> _EXERCISE_
Please reproduce the listing in full, exactly as given.

***

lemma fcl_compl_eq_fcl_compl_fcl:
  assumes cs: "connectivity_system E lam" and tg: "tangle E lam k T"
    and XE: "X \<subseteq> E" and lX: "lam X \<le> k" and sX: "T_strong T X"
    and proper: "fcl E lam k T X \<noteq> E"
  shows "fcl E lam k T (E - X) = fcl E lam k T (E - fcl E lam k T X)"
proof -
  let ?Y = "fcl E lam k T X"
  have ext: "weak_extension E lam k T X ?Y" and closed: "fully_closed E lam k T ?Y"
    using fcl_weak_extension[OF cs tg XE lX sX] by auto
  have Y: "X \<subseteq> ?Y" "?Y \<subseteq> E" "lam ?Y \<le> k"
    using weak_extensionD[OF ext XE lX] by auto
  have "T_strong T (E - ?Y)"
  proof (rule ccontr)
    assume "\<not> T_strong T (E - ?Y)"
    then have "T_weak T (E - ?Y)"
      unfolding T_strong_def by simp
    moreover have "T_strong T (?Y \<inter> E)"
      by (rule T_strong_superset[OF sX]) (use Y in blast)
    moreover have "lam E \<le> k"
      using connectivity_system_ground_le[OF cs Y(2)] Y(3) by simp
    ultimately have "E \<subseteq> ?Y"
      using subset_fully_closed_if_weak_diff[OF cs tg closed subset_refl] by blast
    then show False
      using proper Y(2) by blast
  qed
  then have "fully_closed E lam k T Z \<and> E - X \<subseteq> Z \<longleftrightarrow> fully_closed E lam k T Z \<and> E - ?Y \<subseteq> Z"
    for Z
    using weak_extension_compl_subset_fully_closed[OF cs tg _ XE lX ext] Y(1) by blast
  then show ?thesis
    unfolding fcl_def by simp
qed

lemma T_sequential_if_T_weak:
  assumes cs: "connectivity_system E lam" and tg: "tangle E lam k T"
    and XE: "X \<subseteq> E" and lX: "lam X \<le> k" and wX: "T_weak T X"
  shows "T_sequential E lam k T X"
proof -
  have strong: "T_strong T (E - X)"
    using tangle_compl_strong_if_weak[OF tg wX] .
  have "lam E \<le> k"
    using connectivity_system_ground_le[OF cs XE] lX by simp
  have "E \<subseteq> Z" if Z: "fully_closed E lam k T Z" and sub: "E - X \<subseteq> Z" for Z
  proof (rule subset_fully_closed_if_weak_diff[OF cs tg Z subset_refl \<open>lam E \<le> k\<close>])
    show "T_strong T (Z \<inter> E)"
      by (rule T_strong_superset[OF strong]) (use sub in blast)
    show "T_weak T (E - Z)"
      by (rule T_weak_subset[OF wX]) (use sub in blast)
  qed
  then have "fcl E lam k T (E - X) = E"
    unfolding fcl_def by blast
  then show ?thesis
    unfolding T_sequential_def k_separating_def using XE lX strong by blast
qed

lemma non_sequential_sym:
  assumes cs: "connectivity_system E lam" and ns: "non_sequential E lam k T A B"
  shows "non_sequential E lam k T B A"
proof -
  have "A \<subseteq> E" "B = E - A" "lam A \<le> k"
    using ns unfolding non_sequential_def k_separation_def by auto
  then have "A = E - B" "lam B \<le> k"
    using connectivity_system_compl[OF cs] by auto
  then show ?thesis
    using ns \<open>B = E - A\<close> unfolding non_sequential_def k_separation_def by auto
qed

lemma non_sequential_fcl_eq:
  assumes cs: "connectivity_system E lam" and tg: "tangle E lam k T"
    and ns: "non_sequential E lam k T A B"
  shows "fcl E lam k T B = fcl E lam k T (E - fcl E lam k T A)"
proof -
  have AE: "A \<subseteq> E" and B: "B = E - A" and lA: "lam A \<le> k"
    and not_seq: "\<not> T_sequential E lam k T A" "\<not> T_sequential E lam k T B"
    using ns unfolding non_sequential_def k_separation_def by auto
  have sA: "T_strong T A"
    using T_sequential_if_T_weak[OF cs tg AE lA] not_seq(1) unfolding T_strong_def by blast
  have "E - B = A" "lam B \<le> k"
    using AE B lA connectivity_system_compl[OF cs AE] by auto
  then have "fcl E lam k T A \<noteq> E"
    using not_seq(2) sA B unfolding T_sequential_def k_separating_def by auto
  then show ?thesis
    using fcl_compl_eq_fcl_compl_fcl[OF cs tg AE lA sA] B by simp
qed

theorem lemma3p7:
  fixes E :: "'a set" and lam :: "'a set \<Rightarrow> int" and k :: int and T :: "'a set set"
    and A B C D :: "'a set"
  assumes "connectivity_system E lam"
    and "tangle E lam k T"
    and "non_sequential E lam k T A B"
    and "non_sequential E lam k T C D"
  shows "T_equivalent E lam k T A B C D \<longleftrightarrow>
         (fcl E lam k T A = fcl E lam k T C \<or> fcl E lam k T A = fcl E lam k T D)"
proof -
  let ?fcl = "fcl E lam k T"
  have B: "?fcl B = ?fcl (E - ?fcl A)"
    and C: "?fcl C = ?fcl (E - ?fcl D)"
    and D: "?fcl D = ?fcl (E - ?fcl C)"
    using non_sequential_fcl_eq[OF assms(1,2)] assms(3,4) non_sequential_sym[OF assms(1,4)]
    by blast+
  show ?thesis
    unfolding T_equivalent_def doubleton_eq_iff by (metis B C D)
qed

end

***

> _PROBLEM SOLUTION_
lemma fcl_compl_eq_fcl_compl_fcl:
  assumes cs: "connectivity_system E lam" and tg: "tangle E lam k T"
    and XE: "X \<subseteq> E" and lX: "lam X \<le> k" and sX: "T_strong T X"
    and proper: "fcl E lam k T X \<noteq> E"
  shows "fcl E lam k T (E - X) = fcl E lam k T (E - fcl E lam k T X)"
proof -
  let ?Y = "fcl E lam k T X"
  have ext: "weak_extension E lam k T X ?Y" and closed: "fully_closed E lam k T ?Y"
    using fcl_weak_extension[OF cs tg XE lX sX] by auto
  have Y: "X \<subseteq> ?Y" "?Y \<subseteq> E" "lam ?Y \<le> k"
    using weak_extensionD[OF ext XE lX] by auto
  have "T_strong T (E - ?Y)"
  proof (rule ccontr)
    assume "\<not> T_strong T (E - ?Y)"
    then have "T_weak T (E - ?Y)"
      unfolding T_strong_def by simp
    moreover have "T_strong T (?Y \<inter> E)"
      by (rule T_strong_superset[OF sX]) (use Y in blast)
    moreover have "lam E \<le> k"
      using connectivity_system_ground_le[OF cs Y(2)] Y(3) by simp
    ultimately have "E \<subseteq> ?Y"
      using subset_fully_closed_if_weak_diff[OF cs tg closed subset_refl] by blast
    then show False
      using proper Y(2) by blast
  qed
  then have "fully_closed E lam k T Z \<and> E - X \<subseteq> Z \<longleftrightarrow> fully_closed E lam k T Z \<and> E - ?Y \<subseteq> Z"
    for Z
    using weak_extension_compl_subset_fully_closed[OF cs tg _ XE lX ext] Y(1) by blast
  then show ?thesis
    unfolding fcl_def by simp
qed

lemma T_sequential_if_T_weak:
  assumes cs: "connectivity_system E lam" and tg: "tangle E lam k T"
    and XE: "X \<subseteq> E" and lX: "lam X \<le> k" and wX: "T_weak T X"
  shows "T_sequential E lam k T X"
proof -
  have strong: "T_strong T (E - X)"
    using tangle_compl_strong_if_weak[OF tg wX] .
  have "lam E \<le> k"
    using connectivity_system_ground_le[OF cs XE] lX by simp
  have "E \<subseteq> Z" if Z: "fully_closed E lam k T Z" and sub: "E - X \<subseteq> Z" for Z
  proof (rule subset_fully_closed_if_weak_diff[OF cs tg Z subset_refl \<open>lam E \<le> k\<close>])
    show "T_strong T (Z \<inter> E)"
      by (rule T_strong_superset[OF strong]) (use sub in blast)
    show "T_weak T (E - Z)"
      by (rule T_weak_subset[OF wX]) (use sub in blast)
  qed
  then have "fcl E lam k T (E - X) = E"
    unfolding fcl_def by blast
  then show ?thesis
    unfolding T_sequential_def k_separating_def using XE lX strong by blast
qed

lemma non_sequential_sym:
  assumes cs: "connectivity_system E lam" and ns: "non_sequential E lam k T A B"
  shows "non_sequential E lam k T B A"
proof -
  have "A \<subseteq> E" "B = E - A" "lam A \<le> k"
    using ns unfolding non_sequential_def k_separation_def by auto
  then have "A = E - B" "lam B \<le> k"
    using connectivity_system_compl[OF cs] by auto
  then show ?thesis
    using ns \<open>B = E - A\<close> unfolding non_sequential_def k_separation_def by auto
qed

lemma non_sequential_fcl_eq:
  assumes cs: "connectivity_system E lam" and tg: "tangle E lam k T"
    and ns: "non_sequential E lam k T A B"
  shows "fcl E lam k T B = fcl E lam k T (E - fcl E lam k T A)"
proof -
  have AE: "A \<subseteq> E" and B: "B = E - A" and lA: "lam A \<le> k"
    and not_seq: "\<not> T_sequential E lam k T A" "\<not> T_sequential E lam k T B"
    using ns unfolding non_sequential_def k_separation_def by auto
  have sA: "T_strong T A"
    using T_sequential_if_T_weak[OF cs tg AE lA] not_seq(1) unfolding T_strong_def by blast
  have "E - B = A" "lam B \<le> k"
    using AE B lA connectivity_system_compl[OF cs AE] by auto
  then have "fcl E lam k T A \<noteq> E"
    using not_seq(2) sA B unfolding T_sequential_def k_separating_def by auto
  then show ?thesis
    using fcl_compl_eq_fcl_compl_fcl[OF cs tg AE lA sA] B by simp
qed

theorem lemma3p7:
  fixes E :: "'a set" and lam :: "'a set \<Rightarrow> int" and k :: int and T :: "'a set set"
    and A B C D :: "'a set"
  assumes "connectivity_system E lam"
    and "tangle E lam k T"
    and "non_sequential E lam k T A B"
    and "non_sequential E lam k T C D"
  shows "T_equivalent E lam k T A B C D \<longleftrightarrow>
         (fcl E lam k T A = fcl E lam k T C \<or> fcl E lam k T A = fcl E lam k T D)"
proof -
  let ?fcl = "fcl E lam k T"
  have B: "?fcl B = ?fcl (E - ?fcl A)"
    and C: "?fcl C = ?fcl (E - ?fcl D)"
    and D: "?fcl D = ?fcl (E - ?fcl C)"
    using non_sequential_fcl_eq[OF assms(1,2)] assms(3,4) non_sequential_sym[OF assms(1,4)]
    by blast+
  show ?thesis
    unfolding T_equivalent_def doubleton_eq_iff by (metis B C D)
qed

end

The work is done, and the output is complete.